Something similar is infinitely divisible distributions.

 
Mathemat:
olexij:
1. Reading the previous description on 1 about stability, it actually duplicates point 2 about stationarity, as far as I understand it.

No, it does not. A stable probability distribution is this (from Shiryaev, vol. 1, p. 232):

Something similar is the infinitely divisible distributions.

Thanks for the clarification, even copied it, wow! I don't see where we need it yet. Question 3 still stands, if we are still discussing this topic - how to transform distribution 1 into distribution 2, if distribution 1 is unknown? Should we first accept the hypothesis of distribution 1, test it, and then transform it?
 
Yury Chebotaryov has a certain reputation - a negative one.
In his time, he was well exposed on some serious forums.
So there is little point in reading his articles, except for the fun of it.

"Dub proved the impossibility of systematic winning on a random series of data"
- This is generally incorrect, unless the random series in question is specified.

For example on such a random series X = a + b*t + e it is very easy to make money (e is a random variable)
There are many other random series on which you can build a system.

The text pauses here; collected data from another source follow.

lemma weighted_bounded_diff:
  assumes "weighted_bounded f" "weighted_bounded g"
  shows "weighted_bounded (\<lambda>t. f t - g t)"
proof -
  obtain C1 C2 where "\<And>t. weight t * \<bar>f t\<bar> \<le> C1" "\<And>t. weight t * \<bar>g t\<bar> \<le> C2"
    using assms by (auto simp: weighted_bounded_def)
  then have "weight t * \<bar>f t - g t\<bar> \<le> C1 + C2" for t
    using weight_pos[of t] abs_triangle_ineq4[of "f t" "g t"]
    by (smt (verit, best) mult_left_mono distrib_left)
  then show ?thesis by (auto simp: weighted_bounded_def)
qed

lemma weight_mult_abs_le_wnorm:
  assumes "weighted_bounded h"
  shows "weight t * \<bar>h t\<bar> \<le> wnorm lam nu h"
    and wnorm_nonneg: "wnorm lam nu h \<ge> 0"
proof -
  have bdd: "bdd_above ((\<lambda>s. exp (- (lam / 2) * s) * \<bar>h s\<bar>) ` {..0})"
    "bdd_above ((\<lambda>s. exp (- nu * s) * \<bar>h s\<bar>) ` {0..})"
    using assms by (auto simp: weighted_bounded_iff_bdd_above)
  have neg: "exp (- (lam / 2) * s) * \<bar>h s\<bar> \<le> (SUP s\<in>{..0}. exp (- (lam / 2) * s) * \<bar>h s\<bar>)"
    if "s \<le> 0" for s
    using that bdd(1) by (intro cSUP_upper) auto
  have pos: "exp (- nu * s) * \<bar>h s\<bar> \<le> (SUP s\<in>{0..}. exp (- nu * s) * \<bar>h s\<bar>)" if "s \<ge> 0" for s
    using that bdd(2) by (intro cSUP_upper) auto
  show "weight t * \<bar>h t\<bar> \<le> wnorm lam nu h"
    using neg[of t] pos[of t] neg[of 0] pos[of 0] by (cases "t \<le> 0") (auto simp: weight_def wnorm_def)
  show "wnorm lam nu h \<ge> 0"
    using neg[of 0] pos[of 0] by (simp add: wnorm_def)
qed

lemma wnorm_le:
  assumes "\<And>t. weight t * \<bar>h t\<bar> \<le> C"
  shows "wnorm lam nu h \<le> 2 * C"
proof -
  have "(SUP s\<in>{..0}. exp (- (lam / 2) * s) * \<bar>h s\<bar>) \<le> C"
  proof (intro cSUP_least)
    show "exp (- (lam / 2) * s) * \<bar>h s\<bar> \<le> C" if "s \<in> {..0}" for s
      using assms[of s] that by (simp add: weight_def)
  qed auto
  moreover have "(SUP s\<in>{0..}. exp (- nu * s) * \<bar>h s\<bar>) \<le> C"
  proof (intro cSUP_least)
    show "exp (- nu * s) * \<bar>h s\<bar> \<le> C" if "s \<in> {0..}" for s
      using assms[of s] that by (cases "s = 0") (auto simp: weight_def)
  qed auto
  ultimately show ?thesis by (simp add: wnorm_def)
qed

lemma abs_le_wnorm_mult_exp:
  assumes "weighted_bounded h"
  shows "\<bar>h t\<bar> \<le> wnorm lam nu h * exp (nu * \<bar>t\<bar>)"
proof -
  have "\<bar>h t\<bar> = (weight t * \<bar>h t\<bar>) * (1 / weight t)" using weight_pos[of t] by simp
  also have "\<dots> \<le> wnorm lam nu h * exp (nu * \<bar>t\<bar>)"
    using weight_mult_abs_le_wnorm[OF assms] inverse_weight_le[of t] weight_pos[of t]
    by (intro mult_mono) auto
  finally show ?thesis .
qed
(* Let $d$ be an even positive integer and $s$ a positive integer with $2s\leqslant d$, and let $k\in\{1,2,\ldots,s-1\}$. Then the indexed family $\{B_\varepsilon\colon \varepsilon\in I^s,\ |\varepsilon|=k\}$ defines a partition of $X_k$; that is, the union of its members is $X_k$ and $B_\varepsilon\cap B_\gamma=\emptyset$ whenever $\varepsilon\neq\gamma$ (empty members allowed).
   Context: Let $I=\{0,1\}$; for a binary vector $x$ let $|x|=\sum_i x_i$. Let $\alpha=(0,\ldots,0)$, $\omega=(1,\ldots,1)\in I^s$. For $\varepsilon\in I^s\setminus\{\alpha,\omega\}$ let $i=t(\varepsilon)$ be the unique index with $\varepsilon_i\neq\varepsilon_{i+1}=\cdots=\varepsilon_s$, and $A_\varepsilon=\{\varepsilon_1\}\times\cdots\times\{\varepsilon_i\}\times I^{s-1-i}\subseteq I^{s-1}$. Define subsets of $I^{d-s}$: $X_0=\{x\colon |x|\leqslant \frac d2-s\}$; $X_k=\{x\colon |x|=\frac d2-s+k\}$ for $0<k<s$; $X_s=\{x\colon |x|\geqslant \frac d2\}$. Writing $x\in I^{d-s}$ as $x=(x',x'')\in I^{d-2s+1}\times I^{s-1}$, for $\varepsilon\in I^s\setminus\{\alpha,\omega\}$ set $B_\varepsilon=\{x=(x',x'')\in X_{|\varepsilon|}\colon x''\in A_\varepsilon\}=X_{|\varepsilon|}\cap(I^{d-2s+1}\times A_\varepsilon)$. *)

theory Defs
  imports Main
begin

text \<open>Binary vectors in I^n are lists of naturals of length n with entries in {0,1};
  the i-th coordinate (1-based, as in the paper) is  x ! (i-1).\<close>

definition binvecs :: "nat \<Rightarrow> nat list set" where
  "binvecs n = {x. length x = n \<and> set x \<subseteq> {0,1}}"

definition wt :: "nat list \<Rightarrow> nat" where
  "wt x = sum_list x"

definition tidx :: "nat list \<Rightarrow> nat" where
  "tidx eps = (THE i. 1 \<le> i \<and> i < length eps \<and> eps ! (i - 1) \<noteq> eps ! i \<and>
      (\<forall>j. i \<le> j \<and> j < length eps \<longrightarrow> eps ! j = eps ! (length eps - 1)))"

text \<open>A_eps = {eps_1} x ... x {eps_i} x I^(s-1-i), a subset of I^(s-1), where s = length eps.\<close>
definition Aset :: "nat list \<Rightarrow> nat list set" where
  "Aset eps = {y \<in> binvecs (length eps - 1). take (tidx eps) y = take (tidx eps) eps}"

text \<open>The sets X_k \<subseteq> I^(d-s), for d even and 2s \<le> d (so d/2 - s is a natural number).\<close>
definition Xset :: "nat \<Rightarrow> nat \<Rightarrow> nat \<Rightarrow> nat list set" where
  "Xset d s k =
     (if k = 0 then {x \<in> binvecs (d - s). wt x \<le> d div 2 - s}
      else if k < s then {x \<in> binvecs (d - s). wt x = d div 2 - s + k}
      else {x \<in> binvecs (d - s). wt x \<ge> d div 2})"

The main point is that there are random series with memory and those without memory.
There is a random series with memory; it has a distribution function of increments of a random variable (e) which DOES NOT depend on its previous values.
A random series without memory - its distribution function of increments of a random variable does NOT depend on the previous values of the series.

It is impossible to construct a profitable system on a random series without memory.
 
olexij:
As for the normal distribution - the quotes are distributed normally around the moving average, just as S.W. wrote and what lies in the palm of his hand, so we're in the clear here.
Correction.
1. The kind of distribution function of the differences in price and the mean depends on the variance of that distribution and the value of the mean.
2. The distribution function of this difference is asymmetric, so it cannot be Gaussian.
3. Under certain conditions, the distribution of the difference tends to a Gaussian distribution, but never becomes one.